Eight Fantasms and Magics
- First edition cover
- Author: Jack Vance
- Cover artist: Anthony Sini
- Language: English
- Genre: Science fiction and fantasy short stories
- Publisher: Macmillan
- Publication date: 1969
- Publication place: United States
- Media type: Print (hardback & paperback)
- Pages: 288 pp
- OCLC: 17424

= Eight Fantasms and Magics =

1969 collection of science fiction and fantasy stories by Jack Vance

Eight Fantasms and Magics is a collection of science fiction and fantasy stories by Jack Vance. It was originally published by Macmillan in 1969 and reprinted in paperback by Collier Books in 1970. No further editions have been issued.

==Contents==
- "Foreword"
- "The Miracle-Workers" (Astounding 1958)
- "When the Five Moons Rise" (Cosmos SF&F 1954)
- "Telek" (Astounding 1952)
- "Noise" (Startling Stories 1952)
- "The New Prime" (Worlds Beyond 1951)
- "Cil" (The Eyes of the Overworld 1966)
- "Guyal of Sfere" (The Dying Earth 1950)
- "The Men Return" (Infinity Science Fiction 1957)

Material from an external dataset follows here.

(* Let $m,n\ge1$, $\mathcal{H}=\mathbb{R}^{m\times n}$ with $\langle\mathbf{A},\mathbf{B}\rangle_{\mathcal{H}}=\mathbf{A}^\intercal\mathbf{B}$, and let $\mathbf{V}\in\mathbb{R}^{n\times n}$ be a nonzero symmetric matrix such that $\langle\langle\mathbf{X},\mathbf{X}\rangle_{\mathcal{H}},\mathbf{V}/\|\mathbf{V}\|\rangle\ge0$ for all $\mathbf{X}\in\mathcal{H}$. Let $\mathcal{S}=\{\mathbf{X}_1,\dots,\mathbf{X}_N\}$ be a finite set of matrices in $\mathbb{R}^{m\times n}$ and define $$\mathcal{H}_{\max}\circ\mathcal{S}=\Big\{\Big(\big\langle\langle\mathbf{W},\mathbf{X}_1\rangle_{\mathcal{H}},\tfrac{\mathbf{V}}{\|\mathbf{V}\|}\big\rangle,\dots,\big\langle\langle\mathbf{W},\mathbf{X}_N\rangle_{\mathcal{H}},\tfrac{\mathbf{V}}{\|\mathbf{V}\|}\big\rangle\Big):\ \|\mathbf{W}\|_{\max}\le1\Big\}\subseteq\mathbb{R}^N.$$ Then $$R(\mathcal{H}_{\max}\circ\mathcal{S})\le n\max_{1\le i\le N}\|\mathbf{X}_i\|_1\sqrt{\frac{2(m\ln2+\ln n)}{N}}.$$
   Context: $\langle\cdot,\cdot\rangle$ is the Frobenius inner product and $\|\mathbf{V}\|$ the Frobenius norm. For $\mathbf{X}\in\mathbb{R}^{m\times n}$: $\|\mathbf{X}\|_1=\max_{1\le j\le n}\sum_{i=1}^m|x_{ij}|$ and $\|\mathbf{X}\|_{\max}=\max_{i,j}|x_{ij}|$ (maximum over all entries). For $\mathcal{A}\subseteq\mathbb{R}^N$, the Rademacher complexity is $R(\mathcal{A})=\frac1N\mathbb{E}_{\bm\sigma}\big[\sup_{\mathbf{a}\in\mathcal{A}}\sum_{i=1}^N\sigma_ia_i\big]$, where $\sigma_1,\dots,\sigma_N$ are i.i.d. uniform on $\{\pm1\}$. *)

theory Defs
  imports "HOL-Analysis.Analysis"
begin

"The New Prime" was originally published as "Brain of the Galaxy".

==Reception==
James Blish praised Vance's "marvelous feeling for the telling of sensual detail, his incantatory tone, his muted humor, his rather arcane vocabulary, his ear for exactly the right proper names, his love for the medieval and for anachronisms in general", and found the stories to be logical fantasies in the best of that tradition, exquisitely formed and offered with the modesty of a master who does not need to distract the reader by showing off." P. Schuyler Miller also reviewed the collection favorably, placing the stories on "the borderline between science fiction and fantasy" and ranking Vance as "a master of the genre."